WOW , WOW . WOOOOW . FUCKMYLIFE. My dad thinks im really stupid . Excuse me ? Thanks alot -.- Thanks dad jsut cause your birthday is tomorrow doesnt mean you have the right to put me down . Thanks for supporting me and encouraging me and calling me stupid; thinking ill post exposing ass pics of myself to show the world and let myself get raped. You encourage me to slap you because im not fucking retarded. Im smarter than most girls my age but you dont fucking realize this shit -.- Cause to you im a worthless helpless stupid girl . YOU RAISED ME TO BE MORE THAN THAT AND SO DID MY BROTHER. What the fuck , Thanks a lot& happy birthday ass -.-
&btw ; for all those other fucking time you put me down .. YOURE A BITCH. Have a heart -.-
Tuesday, June 30, 2009
Sunday, June 28, 2009
Bakersfield , Cali ;
Yeee, just got back from cali . Yesterday , I went to a wedding it was hellla boring . Until it came to the dinner reception . Hah , now that was interesting . It was hella cute tho cos all these couples dancing and and stuff . &the bride was really pretty :D . She looked all happy (; . My brother and i stole full/half full wine bottles ;D it was pretty funny our parents were like cracking up saying "genius" >;D But yeah it was nice seeing the family . &meeting the new members . The trip was relaxing i guess (:
Friday, June 26, 2009
Someone special ?
I always thought i was someone special to him. I mean even if it was just a little bit, but guess what ? Nope, i was wrong . :[ Wasnt ever anyone special . :/ Ugh how disappointing . Even tho it might be bs and there might be a chance i was.. it still hurts to hear it come out of someones mouth . Woooow , fml . Love isnt for me . ><
Thursday, June 25, 2009
Sunday, June 21, 2009
Fathers day ,
Listening to this song makes me think about how great dads are and how much they love their kids . &It makes me think about how much my dad cares even though he does things that i dislike i know he only does it cause he cares. &my dad has been through so much just to try to keep our family together and healthy. Im thankful to have a father that shows that he cares every second of the day. My dad and i have been through alot of shit . We've argued many many times and he has threatened to hit but has never because i know he loves me to much to do that . He only threatens me because thats all he can do but he would never . I remember back in cali , every time i had an asthma attack he was always the first to notice and to call 911. He stuck by my side every time i was in the hospital . &he also quit smoking for me when i was just a baby . He would work his ass off just so that my family could get by on the bills and stuff. &he has succeeded this goal. If he didnt work his ass off our family would not be living in this house& we wouldnt get things we want(even though i dont get half the things i want but its okay lol). The point is, my father loves me (: LOL, i sound like a loser but yeah. &im most thankful to have him and i LOVE him with everything <3.

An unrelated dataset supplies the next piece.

(* Consider the Byzantine setting and Byzantine-resilient algorithm of the context, with aggregation rules having contraction constant $\rho$ and virtual weight matrix $E$, and let $\Lambda^k\in\mathbb R^{H\times D}$ be the matrix with rows $(\lambda_i^k)^\top$, $i\in\mathcal H$. Assume $\kappa:=\|E-\frac1H\mathbf 1\mathbf 1^\top E\|^2<1$, $\rho<\frac{1-\kappa}{8\sqrt H}$, and set $\epsilon:=1-\kappa-8\rho\sqrt H$, assumed to lie in $(0,1)$. Assume moreover that for all $k\ge0$ the step sizes satisfy $$\frac{18(\gamma^k)^2}{\epsilon\,u_f^2J^2}\le\frac{(2-\epsilon)\epsilon^2}{3(3-\epsilon)}\qquad\text{and}\qquad1\le\frac{(\gamma^k)^2}{(\gamma^{k+1})^2}\le\frac{2}{1+(1-\epsilon^2)}.$$ Then for every $k\ge0$, $$\Big\|\Lambda^{k+1}-\tfrac1H\mathbf 1\mathbf 1^\top\Lambda^{k+1}\Big\|_F^2\le\frac{18(\gamma^{k+1})^2\delta^2H^3}{\epsilon^3J^2}.$$
   Context: Byzantine setting. $J$ agents on an undirected connected graph with neighbor sets $\mathcal N_i$; honest agents $\mathcal H=\{1,\dots,H\}$, Byzantine agents $\mathcal B=\{H+1,\dots,J\}$, honest subgraph connected. For $i\in\mathcal H$: $f_i:\mathbb R^D\to\mathbb R$ is $u_f$-strongly convex and $L_f$-smooth, $C_i\subset\mathbb R^D$ nonempty compact convex; $s\in\mathbb R^D$. $g_i(\lambda)=\frac1H\max_{\theta\in C_i}\{-\lambda^\top\theta-f_i(\theta)\}+\frac1H\lambda^\top s$, $\nabla g_i(\lambda)=\frac1H s-\frac1H\arg\min_{\theta\in C_i}\{\lambda^\top\theta+f_i(\theta)\}$, $\delta^2:=\sup_{\lambda}\max_{i\in\mathcal H}\|\nabla g_i(\lambda)-\frac1H\sum_{j\in\mathcal H}\nabla g_j(\lambda)\|^2<\infty$. Contraction property: $\{AGG_i\}_{i\in\mathcal H}$ has contraction constant $\rho\ge0$ and virtual weight matrix $E=[e_{ij}]\in\mathbb R^{H\times H}$ if $e_{ij}\in(0,1]$ for $j\in(\mathcal N_i\cap\mathcal H)\cup\{i\}$, $e_{ij}=0$ otherwise, $\sum_je_{ij}=1$, and for every $i\in\mathcal H$, all honest inputs $\lambda_j$ and arbitrary Byzantine inputs ($\check\lambda_j=\lambda_j$ for honest $j$, arbitrary for Byzantine $j$), $\|AGG_i(\lambda_i,\{\check\lambda_j\}_{j\in\mathcal N_i})-\bar\lambda_i\|\le\rho\max_{j\in(\mathcal N_i\cap\mathcal H)\cup\{i\}}\|\lambda_j-\bar\lambda_i\|$ with $\bar\lambda_i=\sum_{j}e_{ij}\lambda_j$. Algorithm: common initialization $\lambda_i^0=\lambda^0$ for $i\in\mathcal H$; $\theta_i^k=\arg\min_{\theta\in C_i}\{\theta^\top\lambda_i^k+f_i(\theta)\}$, $\lambda_i^{k+1/2}=\lambda_i^k-\gamma^k(\frac1Js-\frac1J\theta_i^k)$, $\lambda_i^{k+1}=AGG_i(\lambda_i^{k+1/2},\{\check\lambda_j^{k+1/2}\}_{j\in\mathcal N_i})$ with $\check\lambda_j^{k+1/2}$ arbitrary for Byzantine $j$. $\|\cdot\|$ is the spectral norm for matrices, $\|\cdot\|_F$ Frobenius, $\mathbf 1\in\mathbb R^H$ all-ones. *)

theory Defs
  imports "HOL-Analysis.Analysis"
begin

HAPPY FATHERS DAY DADDY ! <3
Saturday, June 20, 2009
Best i ever had ,
Wow , today was wow . I wasnt expecting to see him today . &when i did i just wanted to die :/ . Every time i see you, memories of us would pop up and i just start to hope you dont notice me or say anything to me but at the same time i want you to . :[ , its hard because youre my favorite past time . ugh , i just wish the type of friendship we have now isnt like this . :/ i wish it was better . You showed me a whole different world when it was us . You showed me a lot and taught me so much. its hard to forget something like that . The feelings i cant forget.. To me you were an important memory but what am i to you ? i just wanna know that . Sometimes i randomly question that cause you pop in my head every now and then . Im pretty sure you barely ever think of me only when you see me . :[ I hate this .. i want to say i hate you but i dont . i hate your actions . But past is past .. i need to stop looking at the past and focus on the present and the future that awaits me . :/ I just wish one day you would answer all these questions in my head .. even if those answers will hurt me more than you did that one day . i would still want to know .
Thursday, June 18, 2009
THE FUCK .
You know whatttttttttt , people can be full of bullshit . -.- BULLLLLL FUCKING SHIT . Dumb bitch . Seriously , people need to learn how to keep their word . Im speechless and tired of that bulll you always tell me . JUST SHUT THE FUCK UP & never say shit . EVER ! -.-
Wednesday, June 17, 2009
Boring summer days ,
Boring summer days feel like they last FOREVER ... until you come across videos like this on YOUTUBEEEEEE ! >;D I mean not to make fun of him he can sing its just the way he does it makes me laugh . :D
LMFAO LMFAO ! WATCH THE ENDING ! YOU HAVE TO WATCH THE ENDING !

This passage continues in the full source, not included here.